___ Exercise input ___
text \<open>J_MSE(w) = E[(w^T y - s0)^2] = w^T R w - 2 w^T E[y s0] + E[s0^2],
  with E[y s0] = sigma_0^2 h0 + c1 h1.\<close>
definition Jmse :: "real ^ 'n \<Rightarrow> real ^ 'n \<Rightarrow> real \<Rightarrow> real \<Rightarrow> real \<Rightarrow> real \<Rightarrow> real ^ 'n \<Rightarrow> real" where
  "Jmse h0 h1 s2_0 s2_1 c1 sn2 w =
     w \<bullet> (Rcov h0 h1 s2_0 s2_1 c1 sn2 *v w) - 2 * (w \<bullet> (s2_0 *\<^sub>R h0 + c1 *\<^sub>R h1)) + s2_0"

definition dless :: "real ^ 'n ^ 'n \<Rightarrow> real ^ 'n \<Rightarrow> real ^ 'n" where
  "dless M h0 = (1 / (h0 \<bullet> (matrix_inv M *v h0))) *\<^sub>R (matrix_inv M *v h0)"

definition w_RZF :: "real ^ 'n \<Rightarrow> real ^ 'n \<Rightarrow> real \<Rightarrow> real \<Rightarrow> real \<Rightarrow> real \<Rightarrow> real \<Rightarrow> real ^ 'n" where
  "w_RZF h0 h1 s2_0 s2_1 c1 sn2 lam =
     dless (Rcov h0 h1 s2_0 s2_1 c1 sn2 + lam *\<^sub>R outer h1 h1) h0"

definition w_MVDR :: "real ^ 'n \<Rightarrow> real ^ 'n \<Rightarrow> real \<Rightarrow> real \<Rightarrow> real \<Rightarrow> real \<Rightarrow> real ^ 'n" where
  "w_MVDR h0 h1 s2_0 s2_1 c1 sn2 = w_RZF h0 h1 s2_0 s2_1 c1 sn2 0"

text \<open>H = [h0 h1] (N x 2), e1 = [1,0]^T; in the numeral type 2 the column indices are 1 and 2 (= 0).\<close>
definition Hmat :: "real ^ 'n \<Rightarrow> real ^ 'n \<Rightarrow> real ^ 2 ^ 'n" where
  "Hmat h0 h1 = (\<chi> i j. if j = 1 then h0 $ i else h1 $ i)"

definition e1 :: "real ^ 2" where
  "e1 = (\<chi> j. if j = 1 then 1 else 0)"

definition w_ZF :: "real ^ 'n \<Rightarrow> real ^ 'n \<Rightarrow> real \<Rightarrow> real \<Rightarrow> real \<Rightarrow> real \<Rightarrow> real ^ 'n" where
  "w_ZF h0 h1 s2_0 s2_1 c1 sn2 =
     (let Ri = matrix_inv (Rcov h0 h1 s2_0 s2_1 c1 sn2); H = Hmat h0 h1
      in Ri ** H ** matrix_inv (transpose H ** Ri ** H) *v e1)"

definition w_MMSE_DR :: "real ^ 'n \<Rightarrow> real ^ 'n \<Rightarrow> real \<Rightarrow> real \<Rightarrow> real ^ 'n" where
  "w_MMSE_DR h0 h1 s2_1 sn2 = dless (sn2 *\<^sub>R mat 1 + s2_1 *\<^sub>R outer h1 h1) h0"

definition MSE :: "real ^ 'n \<Rightarrow> real ^ 'n \<Rightarrow> real \<Rightarrow> real \<Rightarrow> real \<Rightarrow> real \<Rightarrow> real \<Rightarrow> real" where
  "MSE h0 h1 s2_0 s2_1 c1 sn2 lam =
     Jmse h0 h1 s2_0 s2_1 c1 sn2 (w_RZF h0 h1 s2_0 s2_1 c1 sn2 lam)"

definition MSE_RZF :: "real ^ 'n \<Rightarrow> real ^ 'n \<Rightarrow> real \<Rightarrow> real \<Rightarrow> real \<Rightarrow> real \<Rightarrow> real" where
  "MSE_RZF h0 h1 s2_0 s2_1 c1 sn2 = (INF lam\<in>{0..}. MSE h0 h1 s2_0 s2_1 c1 sn2 lam)"

definition MSE_MVDR :: "real ^ 'n \<Rightarrow> real ^ 'n \<Rightarrow> real \<Rightarrow> real \<Rightarrow> real \<Rightarrow> real \<Rightarrow> real" where
  "MSE_MVDR h0 h1 s2_0 s2_1 c1 sn2 =
     Jmse h0 h1 s2_0 s2_1 c1 sn2 (w_MVDR h0 h1 s2_0 s2_1 c1 sn2)"

definition MSE_ZF :: "real ^ 'n \<Rightarrow> real ^ 'n \<Rightarrow> real \<Rightarrow> real \<Rightarrow> real \<Rightarrow> real \<Rightarrow> real" where
  "MSE_ZF h0 h1 s2_0 s2_1 c1 sn2 =
     Jmse h0 h1 s2_0 s2_1 c1 sn2 (w_ZF h0 h1 s2_0 s2_1 c1 sn2)"

definition MSE_MMSE_DR :: "real ^ 'n \<Rightarrow> real ^ 'n \<Rightarrow> real \<Rightarrow> real \<Rightarrow> real \<Rightarrow> real \<Rightarrow> real" where
  "MSE_MMSE_DR h0 h1 s2_0 s2_1 c1 sn2 =
     Jmse h0 h1 s2_0 s2_1 c1 sn2 (w_MMSE_DR h0 h1 s2_1 sn2)"

end

theory Submission
  imports Defs
begin

text \<open>All beamformers in question are distortionless (w \<bullet> h0 = 1) and lie in span h0 h1, since
  R + lam h1 h1^T is sn times the identity plus a map into that span. For such w the MSE depends
  only on the leakage a = w \<bullet> h1 and is a convex quadratic in a, minimal at the MMSE-DR leakage
  sn s / D (s = sin tau, c = cos tau, D = s1 c^2 + sn). The ZF leakage is 0, the MVDR leakage is
  K / D with K = sn s - c1 c^2 = c delta, and the RZF leakage is rho K / D, where
  rho = D / (D + lam c^2) sweeps (0, 1]. So the best RZF beamformer takes rho as close as possible
  to gamma = sn s / K, which yields the three regimes.\<close>

definition posdef :: "real ^ 'n ^ 'n \<Rightarrow> bool" where
  "posdef M \<longleftrightarrow> (\<forall>x. x \<noteq> 0 \<longrightarrow> 0 < x \<bullet> (M *v x))"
___
### Your assignment
Reproduce, line for line, the material, starting at its first line, and end once the line holding "real \<Rightarrow> real ^ 'n \<Rightarrow>" has been output.

### Written answer
text \<open>J_MSE(w) = E[(w^T y - s0)^2] = w^T R w - 2 w^T E[y s0] + E[s0^2],
  with E[y s0] = sigma_0^2 h0 + c1 h1.\<close>
definition Jmse :: "real ^ 'n \<Rightarrow> real ^ 'n \<Rightarrow> real \<Rightarrow> real \<Rightarrow> real \<Rightarrow> real \<Rightarrow> real ^ 'n \<Rightarrow> real" where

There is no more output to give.